Soon after, he served as a punt protector in several special team periods and then took the field with the defense, in which he made a touch tackle in what are non-contact sessions.
At one point, Hamlin fell to the field while attempting to make a play on the ball, and stayed down for a moment, while trainers tended to his right shoulder. Hamlin eventually resumed practicing.
“I’m good,” Hamlin told The Associated Press as he walked off the field.
“It’s an amazing story,” Beane said.
With Buffalo completing its spring practices with a three-day mandatory minicamp next week, the next step in Hamlin’s comeback won’t come until the Bills begin practicing in pads during full-contact sessions in training camp, which is set to open in late July.

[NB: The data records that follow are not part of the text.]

lemma gram_kernel_krawtchouk:
  assumes "finite Q"
  shows "gram_kernel (words m Q) (\<lambda>u v. krawtchouk (card Q) m j (hamming_dist u v))"
proof (induction m arbitrary: j)
  case 0
  have "gram_kernel (words 0 Q) (\<lambda>u v. of_bool (j = 0) * 1)"
    by (intro gram_kernel_scale gram_kernel_one) simp
  then show ?case
    by (rule gram_kernel_cong) (auto simp: words_def krawtchouk_at_0)
next
  case (Suc m)
  show ?case
  proof (cases j)
    case 0
    then show ?thesis using gram_kernel_one by simp
  next
    case (Suc j')
    have tl: "tl ` words (Suc m) Q \<subseteq> words m Q" and hd: "hd ` words (Suc m) Q \<subseteq> Q"
      by (auto simp: words_def length_Suc_conv)
    have "gram_kernel (words (Suc m) Q) (\<lambda>u v.
        krawtchouk (card Q) m (Suc j') (hamming_dist (tl u) (tl v))
        + (of_bool (hd u = hd v) * real (card Q) - 1) * krawtchouk (card Q) m j' (hamming_dist (tl u) (tl v)))"
      using Suc.IH gram_kernel_equality[OF assms]
      by (intro gram_kernel_add gram_kernel_mult gram_kernel_comp[OF _ tl] gram_kernel_comp[OF _ hd])
    then show ?thesis
    proof (rule gram_kernel_cong)
      fix u v assume "u \<in> words (Suc m) Q" "v \<in> words (Suc m) Q"
      then obtain a u' b v' where "u = a # u'" "v = b # v'" "length u' = m" "length v' = m"
        by (auto simp: words_def length_Suc_conv)
      then show "krawtchouk (card Q) m (Suc j') (hamming_dist (tl u) (tl v))
        + (of_bool (hd u = hd v) * real (card Q) - 1) * krawtchouk (card Q) m j' (hamming_dist (tl u) (tl v))
        = krawtchouk (card Q) (Suc m) j (hamming_dist u v)"
        using krawtchouk_hamming_dist_Cons[of "card Q" u' j' a b v'] by (simp add: Suc)
    qed
  qed
qed

definition block_dist :: "nat \<Rightarrow> nat \<Rightarrow> 'a list \<Rightarrow> 'a list \<Rightarrow> nat \<Rightarrow> nat" where
  "block_dist N s u v = (\<lambda>p\<in>{..<s}. hamming_dist (block_proj N p u) (block_proj N p v))"

lemma block_dist_self: "block_dist N s u u = zero_vec s"
  unfolding block_dist_def zero_vec_def by simp

lemma sum_block_dist:
  "length u = s * N \<Longrightarrow> length v = s * N \<Longrightarrow> (\<Sum>p<s. block_dist N s u v p) = hamming_dist u v"
  by (simp add: block_dist_def hamming_dist_sum_blocks)

lemma block_dist_in_PiE:
  assumes "length u = s * N"
    and "\<And>p. p < s \<Longrightarrow> block_proj N p u \<noteq> block_proj N p v
           \<Longrightarrow> \<rho> \<le> hamming_dist (block_proj N p u) (block_proj N p v)"
  shows "block_dist N s u v \<in> PiE {..<s} (\<lambda>_. {0} \<union> {\<rho>..N})"
  unfolding block_dist_def
proof (subst restrict_PiE_iff, intro ballI)
  fix p assume "p \<in> {..<s}"
  then have p: "p < s" by simp
  have "hamming_dist (block_proj N p u) (block_proj N p v) \<le> N"
    using hamming_dist_le_length length_block_proj[OF assms(1) p] by metis
  then show "hamming_dist (block_proj N p u) (block_proj N p v) \<in> {0} \<union> {\<rho>..N}"
    using assms(2)[OF p] by (cases "block_proj N p u = block_proj N p v") auto
qed

lemma block_proj_words:
  assumes "p < s"
  shows "block_proj N p ` words (s * N) Q \<subseteq> words N Q"
  using length_block_proj[OF _ assms] set_block_proj_subset by (fastforce simp: words_def)

lemma gram_kernel_krawtchouk_multi:
  assumes "finite Q"
  shows "gram_kernel (words (s * N) Q) (\<lambda>u v. krawtchouk_multi (card Q) N s j (block_dist N s u v))"
proof -
  have "gram_kernel (words (s * N) Q) (\<lambda>u v. \<Prod>p<s.
      krawtchouk (card Q) N (j p) (hamming_dist (block_proj N p u) (block_proj N p v)))"
    using gram_kernel_krawtchouk[OF assms]
    by (intro gram_kernel_prod gram_kernel_comp[OF _ block_proj_words]) auto
  then show ?thesis
    by (rule gram_kernel_cong) (simp add: krawtchouk_multi_def block_dist_def)
qed

lemma card_le_of_gram_kernel:
  assumes "C \<subseteq> A" "finite C" "C \<noteq> {}"
    and "gram_kernel A (\<lambda>u v. F u v - 1)"
    and "\<And>u. u \<in> C \<Longrightarrow> F u u \<le> b"
    and "\<And>u v. u \<in> C \<Longrightarrow> v \<in> C \<Longrightarrow> u \<noteq> v \<Longrightarrow> F u v \<le> 0"
  shows "real (card C) \<le> b"
proof -
  have "0 \<le> (\<Sum>u\<in>C. \<Sum>v\<in>C. F u v - 1)"
    using assms(4,1) by (rule gram_kernel_sum_sum_nonneg)
  then have "real (card C) * real (card C) \<le> (\<Sum>u\<in>C. \<Sum>v\<in>C. F u v)"
    by (simp add: sum_subtractf)
  also have "\<dots> \<le> (\<Sum>u\<in>C. b)"
  proof (rule sum_mono)
    fix u assume u: "u \<in> C"
    have "(\<Sum>v\<in>C. F u v) = F u u + (\<Sum>v\<in>C - {u}. F u v)"
      using assms(2) u by (simp add: sum.remove)
    also have "\<dots> \<le> b + 0"
      using assms(5,6) u by (intro add_mono sum_nonpos) auto
    finally show "(\<Sum>v\<in>C. F u v) \<le> b" by simp
  qed
  also have "\<dots> = real (card C) * b" by simp
  finally show ?thesis
    using assms(2,3) by (simp add: card_gt_0_iff)
qed

lemma krawtchouk_multi_zero_vec_nonneg:
  assumes "q \<ge> 1"
  shows "0 \<le> krawtchouk_multi q N s j (zero_vec s)"
  unfolding krawtchouk_multi_def zero_vec_def using assms
  by (intro prod_nonneg) (simp add: krawtchouk_at_0)

theorem corollary3:
  fixes q r \<rho> s N n d :: nat
    and Q :: "'a set"
    and C :: "'a list set"
    and fc :: "(nat \<Rightarrow> nat) \<Rightarrow> real"
    and f :: "(nat \<Rightarrow> nat) \<Rightarrow> real"
  assumes "q \<ge> 2" "r \<ge> 1" "\<rho> \<ge> 2" "s \<ge> 1"
    and "N = r + \<rho> - 1" "n = s * N"
    and "finite Q" "card Q = q"
    and "\<forall>c\<in>C. length c = n \<and> set c \<subseteq> Q"
    and "d = min_distance C"
    and "\<forall>t<s. \<forall>u\<in>proj_code N t C. \<forall>v\<in>proj_code N t C. u \<noteq> v \<longrightarrow> hamming_dist u v \<ge> \<rho>"
    and "f = (\<lambda>x. 1 + (\<Sum>j \<in> (PiE {..<s} (\<lambda>_. {0..N})) - {zero_vec s}.
                 fc j * krawtchouk_multi q N s j x))"
    and "\<forall>j \<in> (PiE {..<s} (\<lambda>_. {0..N})) - {zero_vec s}. fc j \<ge> 0"
    and "\<forall>i \<in> {i \<in> PiE {..<s} (\<lambda>_. {0} \<union> {\<rho>..N}). (\<Sum>p<s. i p) \<ge> d}. f i \<le> 0"
  shows "real (card C) \<le> f (zero_vec s)"
proof -
  have C_words: "C \<subseteq> words (s * N) Q"
    using assms(6,9) by (auto simp: words_def)
  have finite_C: "finite C"
    by (rule finite_subset[OF C_words])
      (simp add: words_def conj_commute finite_lists_length_eq assms(7))
  have "gram_kernel (words (s * N) Q) (\<lambda>u v. \<Sum>j \<in> PiE {..<s} (\<lambda>_. {0..N}) - {zero_vec s}.
      fc j * krawtchouk_multi (card Q) N s j (block_dist N s u v))"
    using assms(13) gram_kernel_krawtchouk_multi[OF assms(7)]
    by (intro gram_kernel_sum gram_kernel_scale) (auto intro: finite_PiE)
  then have kernel: "gram_kernel (words (s * N) Q) (\<lambda>u v. f (block_dist N s u v) - 1)"
    by (rule gram_kernel_cong) (simp add: assms(8,12))
  have off_diagonal: "f (block_dist N s u v) \<le> 0" if "u \<in> C" "v \<in> C" "u \<noteq> v" for u v
  proof -
    have "length u = s * N" "length v = s * N" using that(1,2) assms(6,9) by auto
    moreover have "block_dist N s u v \<in> PiE {..<s} (\<lambda>_. {0} \<union> {\<rho>..N})"
      using \<open>length u = s * N\<close> assms(11) that(1,2)
      by (intro block_dist_in_PiE) (auto simp: proj_code_def)
    moreover have "d \<le> hamming_dist u v"
      unfolding assms(10) using finite_C that by (rule min_distance_le_hamming_dist)
    ultimately show ?thesis using assms(14) by (simp add: sum_block_dist)
  qed
  show ?thesis
  proof (cases "C = {}")
    case True
    have "1 \<le> f (zero_vec s)"
      using assms(1,13) krawtchouk_multi_zero_vec_nonneg[of q]
      by (simp add: assms(12)) (intro sum_nonneg mult_nonneg_nonneg; simp)
    then show ?thesis using True by simp
  next
    case False
    show ?thesis
      by (rule card_le_of_gram_kernel[OF C_words finite_C False kernel _ off_diagonal])
        (simp add: block_dist_self)
  qed
qed

end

“He’s worked really hard on the mental side of this. Physically, he’s all cleared. But this is a real deal from a mental standpoint after you’ve been to where he was,” Beane said. “We’ll continue to ramp him up with helmets on, but that’ll probably be the next big hurdle for him, tackling.”
He added Hamlin is working in consultation with team trainers in determining when to ramp up his practice routine.
“This is a two-way communication. This is not us saying, 'You’ve got to do this,'” Beane said.